La velocidad, el volumen, la complejidad y el alcance de las transacciones financieras en la globalización superan la capacidad de las instituciones para deliberar y legislar eficazmente. Hay una desincronización entre política y economía, y ello se observa en la concentración de decisiones en el ejecutivo, en los bancos centrales y en las instituciones financieras (que no son precisamente democráticas) y en la constante sensación de ir a salto de mata tras los acontecimientos que no controlas. El capitalismo global ha ido socavando los marcos sociales y reguladores, y ahora está en disposición de hacer un salto de escala. Nada de ello es ajeno a la erosión que sufre la confianza en la democracia en muchos países. La creciente desigualdad, la percepción de que los intereses económicos dominan la política y la falta de respuesta efectiva a los problemas sociales generan desafección y apatía entre la ciudadanía. Esto abre la puerta al auge de movimientos populistas y autoritarios que prometen soluciones simples a problemas complejos, casi siempre a expensas de los principios democráticos.

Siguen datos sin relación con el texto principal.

lemma infectious_at_one_iff: "infectious_at I 1 x t \<longleftrightarrow> (\<exists>s. (x, s) \<in> I \<and> t = Suc s)"
  unfolding infectious_at_def by auto

lemma infected_upto_relabel_edge:
  assumes not_infectious: "\<forall>x\<in>e. \<not> infectious_at (infected_upto E lam \<delta> S T) \<delta> x v"
    and not_transmitting: "\<forall>x y. e = {x, y} \<longrightarrow> (y, lam e) \<in> infected_upto E lam \<delta> S T \<longrightarrow>
                             \<not> infectious_at (infected_upto E lam \<delta> S T) \<delta> x (lam e)"
    and "t \<le> T"
  shows "infected_upto E (lam(e := v)) \<delta> S t = infected_upto E lam \<delta> S t"
  using \<open>t \<le> T\<close>
proof (induction t)
  case (Suc t)
  let ?I = "infected_upto E lam \<delta> S"
  have IH: "infected_upto E (lam(e := v)) \<delta> S t = ?I t"
    using Suc.IH Suc.prems Suc_leD by blast
  have in_final: "?I t \<subseteq> ?I T" "?I (Suc t) \<subseteq> ?I T"
    using Suc.prems Suc_leD infected_upto_mono by blast+
  have same_label: "(lam(e := v)) {u, w} = Suc t \<longleftrightarrow> lam {u, w} = Suc t"
    if u: "u \<notin> fst ` ?I t" and w: "(w, s) \<in> ?I t" "s < Suc t" "Suc t \<le> s + \<delta>" and uw: "{u, w} \<in> E"
    for u w s
  proof (cases "{u, w} = e")
    case True
    have "(w, s) \<in> ?I T"
      using w(1) in_final(1) by blast
    then have w_infectious: "infectious_at (?I T) \<delta> w (Suc t)"
      using w unfolding infectious_at_def by blast
    then have "v \<noteq> Suc t"
      using not_infectious True by auto
    moreover have "lam e \<noteq> Suc t"
    proof
      assume lam_e: "lam e = Suc t"
      then have "(u, lam e) \<in> ?I (Suc t)"
        using u w uw True by auto
      then have "(u, lam e) \<in> ?I T"
        using in_final(2) by blast
      then show False
        using not_transmitting w_infectious True lam_e by (metis insert_commute)
    qed
    ultimately show ?thesis
      using True by simp
  qed simp
  show ?case
    by (simp only: infected_upto.simps IH) (use same_label in blast)
qed simp

lemma witness_complexity_attained:
  assumes "witnessing_schedule V E T \<delta> k lam Ss"
  obtains Ss' where "length Ss' = witness_complexity V E T \<delta> k lam"
    and "witnessing_schedule V E T \<delta> k lam Ss'"
proof -
  have "\<exists>a Ss. length Ss = a \<and> witnessing_schedule V E T \<delta> k lam Ss"
    using assms by blast
  from LeastI_ex[OF this] show thesis
    using that unfolding witness_complexity_def by blast
qed

definition star_edges :: "nat \<Rightarrow> nat set set" where
  "star_edges m = (\<lambda>j. {0, j}) ` {1..m}"

lemma card_star_edges: "card (star_edges m) = m"
  unfolding star_edges_def by (subst card_image) (auto simp: inj_on_def doubleton_eq_iff)

lemma temporal_graph_star: "temporal_graph {0..m} (star_edges m) m Max"
  unfolding temporal_graph_def star_edges_def by force

definition detected_relabelings :: "nat \<Rightarrow> (nat \<times> nat) set \<Rightarrow> (nat \<times> nat) set" where
  "detected_relabelings m S = {(j, v) \<in> {1..m} \<times> {1..m}.
     timetable (star_edges m) (Max({0, j} := v)) 1 m S \<noteq> timetable (star_edges m) Max 1 m S}"
lemma normal_integral_sech_sq'_lower_bound:
  assumes \<mu>: "\<mu> > 0" and s: "s > 0"
  shows "(\<integral>t. normal_density 0 s t * (t * (sech_sq' \<mu> t * indicator {0<..} t)) \<partial>lborel)
    \<ge> - \<mu> / sqrt (2 * pi * s\<^sup>2)"
proof -
  define c where "c = 1 / sqrt (2 * pi * s\<^sup>2)"
  have "integrable lborel (\<lambda>t. c * (t * (sech_sq' \<mu> t * indicator {0<..} t)))"
    using integrable_mult_right[OF integrable_minus[OF integral_sech_sq'_half_line(1)[OF \<mu>]], of c]
    by (simp add: mult_ac)
  moreover have "integrable lborel (\<lambda>t. normal_density 0 s t * (t * (sech_sq' \<mu> t * indicator {0<..} t)))"
    using \<mu> abs_sech_sq'_le[OF \<mu>]
    by (intro integrable_normal_density_mult_linear[OF _ _ s, where B = "2 / \<mu>"]) (auto simp: indicator_def)
  moreover have "c * (t * (sech_sq' \<mu> t * indicator {0<..} t))
      \<le> normal_density 0 s t * (t * (sech_sq' \<mu> t * indicator {0<..} t))" for t
  proof (rule mult_right_mono_neg)
    show "normal_density 0 s t \<le> c"
      unfolding c_def by (rule normal_density_le[OF s])
    show "t * (sech_sq' \<mu> t * indicator {0<..} t) \<le> 0"
      using \<mu> tanh_real_square_le_1[of "t / \<mu>"]
      by (auto simp: indicator_def sech_sq'_def mult_nonneg_nonneg mult_le_0_iff)
  qed
  ultimately have "(\<integral>t. c * (t * (sech_sq' \<mu> t * indicator {0<..} t)) \<partial>lborel)
      \<le> (\<integral>t. normal_density 0 s t * (t * (sech_sq' \<mu> t * indicator {0<..} t)) \<partial>lborel)"
    by (rule integral_mono)
  moreover have "(\<integral>t. c * (t * (sech_sq' \<mu> t * indicator {0<..} t)) \<partial>lborel)
      = (\<integral>t. c * - (indicator {0<..} t * - (t * sech_sq' \<mu> t)) \<partial>lborel)"
    by (rule Bochner_Integration.integral_cong) (auto simp: indicator_def)
  then have "(\<integral>t. c * (t * (sech_sq' \<mu> t * indicator {0<..} t)) \<partial>lborel) = - c * \<mu>"
    by (simp only: integral_mult_right_zero Bochner_Integration.integral_minus
        integral_sech_sq'_half_line(2)[OF \<mu>])
  ultimately show ?thesis
    by (simp add: c_def)
qed

section \<open>Two independent centred Gaussians\<close>

lemma linear_weight_bounds:
  fixes x y :: real
  defines "w \<equiv> (1 + \<bar>x\<bar>) * (1 + \<bar>y\<bar>)"
  shows "1 \<le> w" "\<bar>x\<bar> \<le> w" "\<bar>y\<bar> \<le> w" "\<bar>x * y\<bar> \<le> w" "\<bar>x + y\<bar> \<le> w"
  unfolding w_def using abs_triangle_ineq[of x y]
  by (simp_all add: algebra_simps abs_mult) (smt (verit) abs_ge_zero zero_le_mult_iff)

lemma abs_mult_le_linear_weight:
  fixes u a C :: real
  shows "\<bar>u\<bar> \<le> w \<Longrightarrow> \<bar>a\<bar> \<le> C \<Longrightarrow> \<bar>u * a\<bar> \<le> C * w"
  by (simp add: abs_mult mult.commute mult_mono)

lemma abs_mult_indicator_le: "(\<And>t. \<bar>G t\<bar> \<le> (B::real)) \<Longrightarrow> \<bar>G t * indicator S t\<bar> \<le> B"
  by (auto simp: indicator_def intro: order.trans[OF abs_ge_zero])

locale gaussian_pair =
  fixes \<sigma>X \<sigma>Y :: real
  assumes pos: "\<sigma>X > 0" "\<sigma>Y > 0"
begin

abbreviation "NX \<equiv> density lborel (normal_density 0 \<sigma>X)"
abbreviation "NY \<equiv> density lborel (normal_density 0 \<sigma>Y)"

sublocale pair_sigma_finite NX NY
  by (intro pair_sigma_finite.intro prob_space_imp_sigma_finite prob_space_normal_density)
    (use pos in auto)

lemma integrable_linearly_bounded:
  assumes [measurable]: "f \<in> borel_measurable (borel \<Otimes>\<^sub>M borel)"
    and bound: "\<And>x y. \<bar>f (x, y)\<bar> \<le> C * ((1 + \<bar>x\<bar>) * (1 + \<bar>y\<bar>))"
  shows "integrable (NX \<Otimes>\<^sub>M NY) f"
proof (rule Bochner_Integration.integrable_bound)
  show "integrable (NX \<Otimes>\<^sub>M NY) (\<lambda>(x, y). C * ((1 + \<bar>x\<bar>) * (1 + \<bar>y\<bar>)))"
    using integrable_mult_right[OF integrable_product_mult[OF
        integrable_normal_one_plus_abs[OF pos(1)] integrable_normal_one_plus_abs[OF pos(2)]], of C]
    by (simp add: case_prod_beta')
  show "AE z in NX \<Otimes>\<^sub>M NY. norm (f z) \<le> norm (case z of (x, y) \<Rightarrow> C * ((1 + \<bar>x\<bar>) * (1 + \<bar>y\<bar>)))"
    using bound by (intro AE_I2) (auto simp: split_beta intro: order.trans[OF _ abs_ge_self])
qed simp
lemma is_matching_full_simplex_insert_cone_pair:
  assumes v: "v \<notin> V" and u: "u \<in> V" and W: "is_matching (full_simplex V) W"
  shows "is_matching (full_simplex (insert v V)) (insert ({v}, {u, v}) W)"
proof -
  have "u \<noteq> v"
    using u v by blast
  then have "({v}, {u, v}) \<in> hasse_edges (full_simplex (insert v V))"
    using u by (auto simp: hasse_edges_def full_simplex_def)
  moreover have "W \<subseteq> hasse_edges (full_simplex (insert v V))"
    using W hasse_edges_full_simplex_mono [of V "insert v V"] by (auto simp: is_matching_def)
  moreover have "{fst e, snd e} \<inter> {fst e', snd e'} = {}" if "e = ({v}, {u, v})" "e' \<in> W" for e e'
    using matching_full_simplex_subset [OF W, of "fst e'" "snd e'"] that v by auto
  moreover have "\<forall>e\<in>W. \<forall>e'\<in>W. e \<noteq> e' \<longrightarrow> {fst e, snd e} \<inter> {fst e', snd e'} = {}"
    using W by (simp add: is_matching_def)
  ultimately show ?thesis
    unfolding is_matching_def by (metis (no_types, lifting) Int_commute insert_iff insert_subset)
qed
(* Let $H=(V,E)$ be a hypergraph whose vertex set $V$ is a partition of $[n]$ into sets of cardinality at least $2$, and suppose $H$ is downward-closed (for every $e\in E$ and every $e'\subseteq e$ with $|e'|>1$, $e'\in E$). Let $D=\{\bar i_I\}_{I\in V}$ with $\bar i_I\in I$ for each $I\in V$. Let $a\cdot w\le\delta$ ($a\in\mathbb{R}^{\mathcal{J}^H}$, $\delta\in\mathbb{R}$) be a valid inequality for $\mathrm{MC}^H$ such that $\{J\in\mathcal{J}^H: a_J\ne 0\}\subseteq\mathcal{J}^H_\le(D)$. Then $a\cdot w\le\delta$ is facet-inducing for $\mathrm{MC}^H$ if and only if $\operatorname{proj}_{\mathcal{J}^H_\le(D)}a\cdot v\le\delta$ is facet-inducing for $\mathrm{MC}^H_\le(D)$.
   Context: Let $n$ be a positive integer, $[n]=\{1,\dots,n\}$. A hypergraph $H=(V,E)$ here has as vertex set $V$ a family of pairwise disjoint subsets of $[n]$, each of cardinality at least $2$, and hyperedge set $E$ consisting of subsets $e\subseteq V$ with $|e|\ge 2$. Write $L(V)=\{\{I\}: I\in V\}$. For a nonempty $e\subseteq V$, $\mathcal{J}^e$ denotes the family of sets $J\subseteq \bigcup_{I\in e} I$ with $|J\cap I|=1$ for every $I\in e$. Let $\mathcal{J}^H=\bigcup_{e\in L(V)\cup E}\mathcal{J}^e$. For a vector $w$ indexed by sets, write $w_i=w_{\{i\}}$ and $w(A)=\sum_{i\in A}w_i$. Let $\mathscr{S}^H=\{w\in\{0,1\}^{\mathcal{J}^H}: w(I)=1\ \forall I\in V;\ w_J=\prod_{i\in J}w_i\ \forall J\in\mathcal{J}^H, |J|>1\}$ and $\mathrm{MC}^H=\operatorname{conv}\mathscr{S}^H$. For $D$ as in the claim, $\mathcal{J}^H_\le(D)=\{J\in\mathcal{J}^H: J\subseteq[n]\setminus D\}$ and $\mathrm{MC}^H_\le(D)=\operatorname{conv}\{v\in\{0,1\}^{\mathcal{J}^H_\le(D)}: v(I\setminus D)\le 1\ \forall I\in V;\ v_J=\prod_{i\in J}v_i\ \forall J\in\mathcal{J}^H_\le(D), |J|>1\}$. $\operatorname{proj}_{S'}$ extracts coordinates indexed by $S'$. *)

theory Defs
  imports "HOL-Analysis.Analysis"
begin

text \<open>The ground set [n] is modelled by a finite type 'a (with CARD('a) = n).
  Vectors indexed by a family of subsets of [n] are modelled as elements of
  real ^ ('a set) whose coordinates outside that family are zero.\<close>

definition hyp_ok :: "'a set set \<Rightarrow> 'a set set set \<Rightarrow> bool" where
  "hyp_ok V E \<longleftrightarrow>
     (\<forall>I\<in>V. \<forall>I'\<in>V. I \<noteq> I' \<longrightarrow> I \<inter> I' = {}) \<and>
     (\<forall>I\<in>V. finite I \<and> card I \<ge> 2) \<and>
     (\<forall>e\<in>E. e \<subseteq> V \<and> finite e \<and> card e \<ge> 2)"

definition partition_of_UNIV :: "'a set set \<Rightarrow> bool" where
  "partition_of_UNIV V \<longleftrightarrow> \<Union>V = UNIV"

definition downward_closed :: "'a set set set \<Rightarrow> bool" where
  "downward_closed E \<longleftrightarrow> (\<forall>e\<in>E. \<forall>e'. e' \<subseteq> e \<and> card e' > 1 \<longrightarrow> e' \<in> E)"

definition Lsing :: "'a set set \<Rightarrow> 'a set set set" where
  "Lsing V = {{I} | I. I \<in> V}"

definition Jfam :: "'a set set \<Rightarrow> 'a set set" where
  "Jfam e = {J. J \<subseteq> \<Union>e \<and> (\<forall>I\<in>e. card (J \<inter> I) = 1)}"

definition JH :: "'a set set \<Rightarrow> 'a set set set \<Rightarrow> 'a set set" where
  "JH V E = (\<Union>e \<in> Lsing V \<union> E. Jfam e)"

definition SH :: "'a::finite set set \<Rightarrow> 'a set set set \<Rightarrow> (real ^ ('a set)) set" where
  "SH V E = {w. (\<forall>J \<in> JH V E. w $ J \<in> {0,1}) \<and> (\<forall>J. J \<notin> JH V E \<longrightarrow> w $ J = 0) \<and>
               (\<forall>I\<in>V. (\<Sum>i\<in>I. w $ {i}) = 1) \<and>
               (\<forall>J \<in> JH V E. card J > 1 \<longrightarrow> w $ J = (\<Prod>i\<in>J. w $ {i}))}"

definition MCH :: "'a::finite set set \<Rightarrow> 'a set set set \<Rightarrow> (real ^ ('a set)) set" where
  "MCH V E = convex hull (SH V E)"

definition JHle :: "'a set set \<Rightarrow> 'a set set set \<Rightarrow> 'a set \<Rightarrow> 'a set set" where
  "JHle V E D = {J \<in> JH V E. J \<subseteq> - D}"

definition SHle :: "'a::finite set set \<Rightarrow> 'a set set set \<Rightarrow> 'a set \<Rightarrow> (real ^ ('a set)) set" where
  "SHle V E D = {v. (\<forall>J \<in> JHle V E D. v $ J \<in> {0,1}) \<and> (\<forall>J. J \<notin> JHle V E D \<longrightarrow> v $ J = 0) \<and>
               (\<forall>I\<in>V. (\<Sum>i\<in>I - D. v $ {i}) \<le> 1) \<and>
               (\<forall>J \<in> JHle V E D. card J > 1 \<longrightarrow> v $ J = (\<Prod>i\<in>J. v $ {i}))}"

definition MCHle :: "'a::finite set set \<Rightarrow> 'a set set set \<Rightarrow> 'a set \<Rightarrow> (real ^ ('a set)) set" where
  "MCHle V E D = convex hull (SHle V E D)"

Decía Karl Polanyi, en un lejano 1943, en su libro “La gran transformación”, que nos esperaban todo tipo de males si pasábamos del mercado como uno de los elementos de funcionamiento de la economía, a una sociedad de mercado en que todo, la naturaleza, el trabajo, las relaciones, se mercantilizaran. Ahora, viendo lo que está pasando en Estados Unidos y en otros países, estamos a las puertas de la mercantilización definitiva de la política. Podemos tratar de cambiar esta dinámica. Y esto exige de entrada un giro en las dinámicas digitales para que no sean sólo controladas por los nuevos oligarcas. Una presencia pública en Internet y en las redes que garantice accesibilidad y control público. Para avanzar en mayor capacidad de respuesta, más alianzas sociales, más protagonismo civil y en nuevas formas de hacer política. Europa tiene ahora la necesidad de reforzar su integración y articulación interior, su soberanía digital, tratando así de resistir el envite que la nueva administración Trump-Tech va a provocar. El dilema central puede desplazarse al binomio globalización y democracia, y solo desde una Europa más articulada y con más compromiso en la defensa de la igualdad y los valores fundamentales de la democracia se podrá recuperar la confianza de la ciudadanía en la política.